▶ **Problem to work on**:
The answer is to be all of the data below, reproduced exactly.

▶ **Collected data entries**:
---+---
text \<open>The operations of \<open>total_frac\<close> take a union over all representatives, which collapses
  to a single class.\<close>

lemma mult_total_frac:
  assumes "a \<in> carrier R" "s \<in> nzd R" "b \<in> carrier R" "t \<in> nzd R"
  shows "frac_rel R `` {(a, s)} \<otimes>\<^bsub>total_frac R\<^esub> frac_rel R `` {(b, t)}
     = frac_rel R `` {(a \<otimes> b, s \<otimes> t)}"
proof -
  have class_eq: "frac_rel R `` {(a' \<otimes> b', s' \<otimes> t')} = frac_rel R `` {(a \<otimes> b, s \<otimes> t)}"
    if r: "((a, s), (a', s')) \<in> frac_rel R" "((b, t), (b', t')) \<in> frac_rel R" for a' s' b' t'
  proof (rule frac_rel_class_eq)
    have c: "a' \<in> carrier R" "s' \<in> nzd R" "b' \<in> carrier R" "t' \<in> nzd R"
      "a \<otimes> s' = a' \<otimes> s" "b \<otimes> t' = b' \<otimes> t" using r by (auto simp: frac_rel_def)
    have cc: "s \<in> carrier R" "t \<in> carrier R" "s' \<in> carrier R" "t' \<in> carrier R"
      using c assms nzd_closed by blast+
    have "(a' \<otimes> b') \<otimes> (s \<otimes> t) = (a' \<otimes> s) \<otimes> (b' \<otimes> t)" using c(1,3) cc assms(1,3) by algebra
    also have "\<dots> = (a \<otimes> s') \<otimes> (b \<otimes> t')" by (simp only: c(5,6))
    also have "\<dots> = (a \<otimes> b) \<otimes> (s' \<otimes> t')" using c(1,3) cc assms(1,3) by algebra
    finally show "((a' \<otimes> b', s' \<otimes> t'), (a \<otimes> b, s \<otimes> t)) \<in> frac_rel R"
      using c assms by (auto simp: frac_rel_def nzd_mult)
  qed
  show ?thesis
    unfolding total_frac_def monoid.simps
    by (rule Union_eq_const) (use class_eq assms frac_rel_class_self in blast)+
qed

lemma add_total_frac:
  assumes "a \<in> carrier R" "s \<in> nzd R" "b \<in> carrier R" "t \<in> nzd R"
  shows "frac_rel R `` {(a, s)} \<oplus>\<^bsub>total_frac R\<^esub> frac_rel R `` {(b, t)}
     = frac_rel R `` {(a \<otimes> t \<oplus> b \<otimes> s, s \<otimes> t)}"
proof -
  have class_eq: "frac_rel R `` {(a' \<otimes> t' \<oplus> b' \<otimes> s', s' \<otimes> t')} = frac_rel R `` {(a \<otimes> t \<oplus> b \<otimes> s, s \<otimes> t)}"
    if r: "((a, s), (a', s')) \<in> frac_rel R" "((b, t), (b', t')) \<in> frac_rel R" for a' s' b' t'
  proof (rule frac_rel_class_eq)
    have c: "a' \<in> carrier R" "s' \<in> nzd R" "b' \<in> carrier R" "t' \<in> nzd R"
      "a \<otimes> s' = a' \<otimes> s" "b \<otimes> t' = b' \<otimes> t" using r by (auto simp: frac_rel_def)
    have cc: "s \<in> carrier R" "t \<in> carrier R" "s' \<in> carrier R" "t' \<in> carrier R"
      using c assms nzd_closed by blast+
    have "(a' \<otimes> t' \<oplus> b' \<otimes> s') \<otimes> (s \<otimes> t) = (a' \<otimes> s) \<otimes> (t' \<otimes> t) \<oplus> (b' \<otimes> t) \<otimes> (s' \<otimes> s)"
      using c(1,3) cc assms(1,3) by algebra
    also have "\<dots> = (a \<otimes> s') \<otimes> (t' \<otimes> t) \<oplus> (b \<otimes> t') \<otimes> (s' \<otimes> s)" by (simp only: c(5,6))
    also have "\<dots> = (a \<otimes> t \<oplus> b \<otimes> s) \<otimes> (s' \<otimes> t')" using c(1,3) cc assms(1,3) by algebra
    finally show "((a' \<otimes> t' \<oplus> b' \<otimes> s', s' \<otimes> t'), (a \<otimes> t \<oplus> b \<otimes> s, s \<otimes> t)) \<in> frac_rel R"
      using c cc assms by (auto simp: frac_rel_def nzd_mult)
  qed
  show ?thesis
    unfolding total_frac_def ring.simps
    by (rule Union_eq_const) (use class_eq assms frac_rel_class_self in blast)+
qed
---+---
▶ **Task solution**:
text \<open>The operations of \<open>total_frac\<close> take a union over all representatives, which collapses
  to a single class.\<close>

lemma mult_total_frac:
  assumes "a \<in> carrier R" "s \<in> nzd R" "b \<in> carrier R" "t \<in> nzd R"
  shows "frac_rel R `` {(a, s)} \<otimes>\<^bsub>total_frac R\<^esub> frac_rel R `` {(b, t)}
     = frac_rel R `` {(a \<otimes> b, s \<otimes> t)}"
proof -
  have class_eq: "frac_rel R `` {(a' \<otimes> b', s' \<otimes> t')} = frac_rel R `` {(a \<otimes> b, s \<otimes> t)}"
    if r: "((a, s), (a', s')) \<in> frac_rel R" "((b, t), (b', t')) \<in> frac_rel R" for a' s' b' t'
  proof (rule frac_rel_class_eq)
    have c: "a' \<in> carrier R" "s' \<in> nzd R" "b' \<in> carrier R" "t' \<in> nzd R"
      "a \<otimes> s' = a' \<otimes> s" "b \<otimes> t' = b' \<otimes> t" using r by (auto simp: frac_rel_def)
    have cc: "s \<in> carrier R" "t \<in> carrier R" "s' \<in> carrier R" "t' \<in> carrier R"
      using c assms nzd_closed by blast+
    have "(a' \<otimes> b') \<otimes> (s \<otimes> t) = (a' \<otimes> s) \<otimes> (b' \<otimes> t)" using c(1,3) cc assms(1,3) by algebra
    also have "\<dots> = (a \<otimes> s') \<otimes> (b \<otimes> t')" by (simp only: c(5,6))
    also have "\<dots> = (a \<otimes> b) \<otimes> (s' \<otimes> t')" using c(1,3) cc assms(1,3) by algebra
    finally show "((a' \<otimes> b', s' \<otimes> t'), (a \<otimes> b, s \<otimes> t)) \<in> frac_rel R"
      using c assms by (auto simp: frac_rel_def nzd_mult)
  qed
  show ?thesis
    unfolding total_frac_def monoid.simps
    by (rule Union_eq_const) (use class_eq assms frac_rel_class_self in blast)+
qed

lemma add_total_frac:
  assumes "a \<in> carrier R" "s \<in> nzd R" "b \<in> carrier R" "t \<in> nzd R"
  shows "frac_rel R `` {(a, s)} \<oplus>\<^bsub>total_frac R\<^esub> frac_rel R `` {(b, t)}
     = frac_rel R `` {(a \<otimes> t \<oplus> b \<otimes> s, s \<otimes> t)}"
proof -
  have class_eq: "frac_rel R `` {(a' \<otimes> t' \<oplus> b' \<otimes> s', s' \<otimes> t')} = frac_rel R `` {(a \<otimes> t \<oplus> b \<otimes> s, s \<otimes> t)}"
    if r: "((a, s), (a', s')) \<in> frac_rel R" "((b, t), (b', t')) \<in> frac_rel R" for a' s' b' t'
  proof (rule frac_rel_class_eq)
    have c: "a' \<in> carrier R" "s' \<in> nzd R" "b' \<in> carrier R" "t' \<in> nzd R"
      "a \<otimes> s' = a' \<otimes> s" "b \<otimes> t' = b' \<otimes> t" using r by (auto simp: frac_rel_def)
    have cc: "s \<in> carrier R" "t \<in> carrier R" "s' \<in> carrier R" "t' \<in> carrier R"
      using c assms nzd_closed by blast+
    have "(a' \<otimes> t' \<oplus> b' \<otimes> s') \<otimes> (s \<otimes> t) = (a' \<otimes> s) \<otimes> (t' \<otimes> t) \<oplus> (b' \<otimes> t) \<otimes> (s' \<otimes> s)"
      using c(1,3) cc assms(1,3) by algebra
    also have "\<dots> = (a \<otimes> s') \<otimes> (t' \<otimes> t) \<oplus> (b \<otimes> t') \<otimes> (s' \<otimes> s)" by (simp only: c(5,6))
    also have "\<dots> = (a \<otimes> t \<oplus> b \<otimes> s) \<otimes> (s' \<otimes> t')" using c(1,3) cc assms(1,3) by algebra
    finally show "((a' \<otimes> t' \<oplus> b' \<otimes> s', s' \<otimes> t'), (a \<otimes> t \<oplus> b \<otimes> s, s \<otimes> t)) \<in> frac_rel R"
      using c cc assms by (auto simp: frac_rel_def nzd_mult)
  qed
  show ?thesis
    unfolding total_frac_def ring.simps
    by (rule Union_eq_const) (use class_eq assms frac_rel_class_self in blast)+
qed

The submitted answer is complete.